EXERCISE OBJECTIVE:
Find every line below where the word "open" occurs, then give how many you found and nothing else.
GIVEN DATA Start Marker
text \<open>\<open>u - proj u\<close> lies in \<open>span {x, y}\<close>, which is \<open>\<alpha>\<close>-orthogonal both to \<open>span G\<close> (by splitting)
  and to \<open>proj u\<close> (by \<open>alpha_add_orthogonal\<close>).\<close>

lemma alpha_proj:
  assumes "splitting ({x, y} \<union> G)" "{x, y} \<inter> G = {}" "u \<in> span G"
  shows "\<alpha> (proj u) = \<alpha> u"
proof (rule antisym)
  have "\<alpha> (proj u) = min (\<alpha> (proj u - u)) (\<alpha> u)"
    using splitting_Un_alpha_add[OF assms(1,2) span_neg[OF diff_proj_in_span_pair[of u]] assms(3)]
    by simp
  then show "\<alpha> (proj u) \<le> \<alpha> u" by simp
  have "\<alpha> u = min (\<alpha> (u - proj u)) (\<alpha> (proj u))"
    using alpha_add_orthogonal[OF diff_proj_in_span_pair[of u] polar_proj[of u]] by simp
  then show "\<alpha> u \<le> \<alpha> (proj u)" by simp
qed

lemma span_proj_image:
  assumes "finite G"
  shows "span (proj ` G) = orth_compl (span ({x, y} \<union> G))"
proof
  show "span (proj ` G) \<subseteq> orth_compl (span ({x, y} \<union> G))"
    using proj_in_orth_compl[OF subspace_span] span_base span_minimal subspace_orth_compl subspace_span
    by (metis (no_types, lifting) UnCI image_subsetI insertCI)
next
  show "orth_compl (span ({x, y} \<union> G)) \<subseteq> span (proj ` G)"
  proof
    fix z assume z: "z \<in> orth_compl (span ({x, y} \<union> G))"
    then obtain t u where "z = t + u" "t \<in> span {x, y}" "u \<in> span G"
      unfolding orth_compl_def span_Un by blast
    then have "z = proj u"
      using z proj_eq_self[of z] proj_span_pair by (auto simp: orth_compl_def proj.add)
    then show "z \<in> span (proj ` G)"
      using \<open>u \<in> span G\<close> proj.span_image by auto
  qed
qed

end

section \<open>Orthogonal decompositions\<close>

context compatible_quadratic_space
begin

definition nondegenerate :: "'v set \<Rightarrow> bool" where
  "nondegenerate U \<longleftrightarrow> (\<forall>z\<in>U. z \<noteq> 0 \<longrightarrow> (\<exists>w\<in>U. w \<noteq> 0 \<and> v (b z w) = \<alpha> z + \<alpha> w + Fin \<epsilon>))"

definition orthogonal_decomposition :: "'v set \<Rightarrow> nat \<Rightarrow> (nat \<Rightarrow> 'v set) \<Rightarrow> bool" where
  "orthogonal_decomposition U n Vs \<longleftrightarrow>
     (\<forall>i<n. subspace (Vs i) \<and> dim (Vs i) = 2 \<and> Vs i \<subseteq> U \<and>
        vnorm_on scale v (Vs i) \<alpha> \<and> compatible_on v \<epsilon> (Vs i) q \<alpha>) \<and>
     (\<forall>z\<in>U. \<exists>xs. (\<forall>i<n. xs i \<in> Vs i) \<and> z = (\<Sum>i<n. xs i)) \<and>
     (\<forall>i<n. \<forall>j<n. i \<noteq> j \<longrightarrow> (\<forall>s\<in>Vs i. \<forall>t\<in>Vs j. b s t = 0)) \<and>
     (\<forall>xs. (\<forall>i<n. xs i \<in> Vs i) \<longrightarrow> \<alpha> (\<Sum>i<n. xs i) = ext_Min ((\<lambda>i. \<alpha> (xs i)) ` {..<n}))"

lemma orthogonal_decomposition_empty: "orthogonal_decomposition (span {}) 0 Vs"
  by (simp add: orthogonal_decomposition_def)

lemma orthogonal_decomposition_sum_eq_zero:
  assumes "orthogonal_decomposition U n Vs" "\<forall>i<n. xs i \<in> Vs i" "(\<Sum>i<n. xs i) = 0"
  shows "\<forall>i<n. xs i = 0"
proof -
  have "ext_Min ((\<lambda>i. \<alpha> (xs i)) ` {..<n}) = Infty"
    using assms unfolding orthogonal_decomposition_def by (metis alpha_zero)
  then show ?thesis by (simp add: ext_Min_eq_Infty_iff)
qed

lemma orthogonal_decomposition_Suc:
  assumes dec: "orthogonal_decomposition U' n Vs"
    and W: "subspace W" "dim W = 2" "W \<subseteq> U" "vnorm_on scale v W \<alpha>" "compatible_on v \<epsilon> W q \<alpha>"
    and U': "subspace U'" "U' \<subseteq> U"
    and spanning: "\<forall>z\<in>U. \<exists>w\<in>W. z - w \<in> U'"
    and orth: "\<forall>w\<in>W. \<forall>u\<in>U'. b w u = 0"
    and alpha: "\<forall>w\<in>W. \<forall>u\<in>U'. \<alpha> (w + u) = min (\<alpha> w) (\<alpha> u)"
  shows "orthogonal_decomposition U (Suc n) (Vs(n := W))"
proof -
  let ?Vs = "Vs(n := W)"
  have Vs: "\<forall>i<n. subspace (Vs i) \<and> dim (Vs i) = 2 \<and> Vs i \<subseteq> U' \<and>
        vnorm_on scale v (Vs i) \<alpha> \<and> compatible_on v \<epsilon> (Vs i) q \<alpha>"
    and spanning': "\<forall>z\<in>U'. \<exists>xs. (\<forall>i<n. xs i \<in> Vs i) \<and> z = (\<Sum>i<n. xs i)"
    and orth': "\<forall>i<n. \<forall>j<n. i \<noteq> j \<longrightarrow> (\<forall>s\<in>Vs i. \<forall>t\<in>Vs j. b s t = 0)"
    and alpha': "\<forall>xs. (\<forall>i<n. xs i \<in> Vs i) \<longrightarrow> \<alpha> (\<Sum>i<n. xs i) = ext_Min ((\<lambda>i. \<alpha> (xs i)) ` {..<n})"
    using dec unfolding orthogonal_decomposition_def by blast+
  have parts: "(\<forall>i<Suc n. xs i \<in> ?Vs i) \<longleftrightarrow> (\<forall>i<n. xs i \<in> Vs i) \<and> xs n \<in> W" for xs
    by (auto simp: less_Suc_eq)
  show ?thesis
    unfolding orthogonal_decomposition_def
  proof (intro conjI)
    show "\<forall>i<Suc n. subspace (?Vs i) \<and> dim (?Vs i) = 2 \<and> ?Vs i \<subseteq> U \<and>
        vnorm_on scale v (?Vs i) \<alpha> \<and> compatible_on v \<epsilon> (?Vs i) q \<alpha>"
      using Vs W U'(2) by (auto simp: less_Suc_eq)
    show "\<forall>z\<in>U. \<exists>xs. (\<forall>i<Suc n. xs i \<in> ?Vs i) \<and> z = (\<Sum>i<Suc n. xs i)"
    proof
      fix z assume "z \<in> U"
      then obtain w xs where "w \<in> W" "\<forall>i<n. xs i \<in> Vs i" "z - w = (\<Sum>i<n. xs i)"
        using spanning spanning' by metis
      then have "\<forall>i<Suc n. (xs(n := w)) i \<in> ?Vs i" "z = (\<Sum>i<Suc n. (xs(n := w)) i)"
        by (auto simp: less_Suc_eq algebra_simps)
      then show "\<exists>xs. (\<forall>i<Suc n. xs i \<in> ?Vs i) \<and> z = (\<Sum>i<Suc n. xs i)" by blast
    qed
    show "\<forall>i<Suc n. \<forall>j<Suc n. i \<noteq> j \<longrightarrow> (\<forall>s\<in>?Vs i. \<forall>t\<in>?Vs j. b s t = 0)"
      using orth orth' Vs polar_commute by (auto simp: less_Suc_eq) (metis subsetD)+
    show "\<forall>xs. (\<forall>i<Suc n. xs i \<in> ?Vs i) \<longrightarrow>
        \<alpha> (\<Sum>i<Suc n. xs i) = ext_Min ((\<lambda>i. \<alpha> (xs i)) ` {..<Suc n})"
    proof (intro allI impI)
      fix xs assume "\<forall>i<Suc n. xs i \<in> ?Vs i"
      then have xs: "\<forall>i<n. xs i \<in> Vs i" "xs n \<in> W" using parts by blast+
      then have "(\<Sum>i<n. xs i) \<in> U'"
        using Vs by (intro subspace_sum[OF U'(1)]) auto
      then have "\<alpha> (xs n + (\<Sum>i<n. xs i)) = min (\<alpha> (xs n)) (\<alpha> (\<Sum>i<n. xs i))"
        using alpha xs(2) by blast
      then show "\<alpha> (\<Sum>i<Suc n. xs i) = ext_Min ((\<lambda>i. \<alpha> (xs i)) ` {..<Suc n})"
        using alpha' xs(1) by (simp add: lessThan_Suc ext_Min_insert add.commute)
    qed
  qed
qed

end

context compatible_pair
begin

lemma nondegenerate_orth_compl:
  assumes U: "subspace U" "x \<in> U" "y \<in> U" and nondeg: "nondegenerate U"
  shows "nondegenerate (orth_compl U)"
  unfolding nondegenerate_def
proof (intro ballI impI)
  fix z assume z: "z \<in> orth_compl U" "z \<noteq> 0"
  then obtain w where w: "w \<in> U" "v (b z w) = \<alpha> z + \<alpha> w + Fin \<epsilon>" "w \<noteq> 0"
    using nondeg unfolding nondegenerate_def orth_compl_def by blast
  define u where "u = proj w"
  have u: "u \<in> orth_compl U"
    unfolding u_def using proj_in_orth_compl[OF U w(1)] .
  have "b z w = b z u"
    using orth_compl_orthogonal[OF z(1) diff_proj_in_span_pair[of w]]
    by (simp add: u_def polar_add_right[of z "w - proj w" "proj w", simplified])
  moreover have "\<alpha> w \<le> \<alpha> u"
    using alpha_add_orthogonal[OF diff_proj_in_span_pair[of w] polar_proj[of w]] by (simp add: u_def)
  ultimately have "v (b z u) \<le> \<alpha> z + \<alpha> u + Fin \<epsilon>"
    using w(2) ext_add_mono[OF ext_add_mono[OF order_refl] order_refl] by metis
  then have "v (b z u) = \<alpha> z + \<alpha> u + Fin \<epsilon>"
    using v_polar_ge[of z u] by simp
  moreover have "u \<noteq> 0"
    using \<open>b z w = b z u\<close> w(2,3) z(2) by (auto simp: eq_commute[of Infty])
  ultimately show "\<exists>w\<in>orth_compl U. w \<noteq> 0 \<and> v (b z w) = \<alpha> z + \<alpha> w + Fin \<epsilon>"
    using u by blast
qed

lemma orthogonal_decomposition_extend:
  assumes U: "subspace U" "x \<in> U" "y \<in> U"
    and dec: "orthogonal_decomposition (orth_compl U) n Vs"
  shows "orthogonal_decomposition U (Suc n) (Vs(n := span {x, y}))"
proof (rule orthogonal_decomposition_Suc[OF dec subspace_span dim_span_pair _ vnorm_on_span_pair
      compatible_on_span_pair subspace_orth_compl[OF U(1)]])
  show "span {x, y} \<subseteq> U" using U by (simp add: span_minimal)
  show "orth_compl U \<subseteq> U" unfolding orth_compl_def by blast
  show "\<forall>z\<in>U. \<exists>w\<in>span {x, y}. z - w \<in> orth_compl U"
  proof
    fix z assume "z \<in> U"
    show "\<exists>w\<in>span {x, y}. z - w \<in> orth_compl U"
    proof
      show "z - (z - proj z) \<in> orth_compl U"
        using proj_in_orth_compl[OF U \<open>z \<in> U\<close>] by simp
    qed (rule diff_proj_in_span_pair)
  qed
  show "\<forall>w\<in>span {x, y}. \<forall>u\<in>orth_compl U. b w u = 0"
    using orth_compl_orthogonal polar_commute by (metis (no_types))
  show "\<forall>w\<in>span {x, y}. \<forall>u\<in>orth_compl U. \<alpha> (w + u) = min (\<alpha> w) (\<alpha> u)"
    using alpha_add_orthogonal unfolding orth_compl_def by blast
qed

end

context compatible_quadratic_space
begin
GIVEN DATA End Marker
ANSWER FOR THE TASK:
6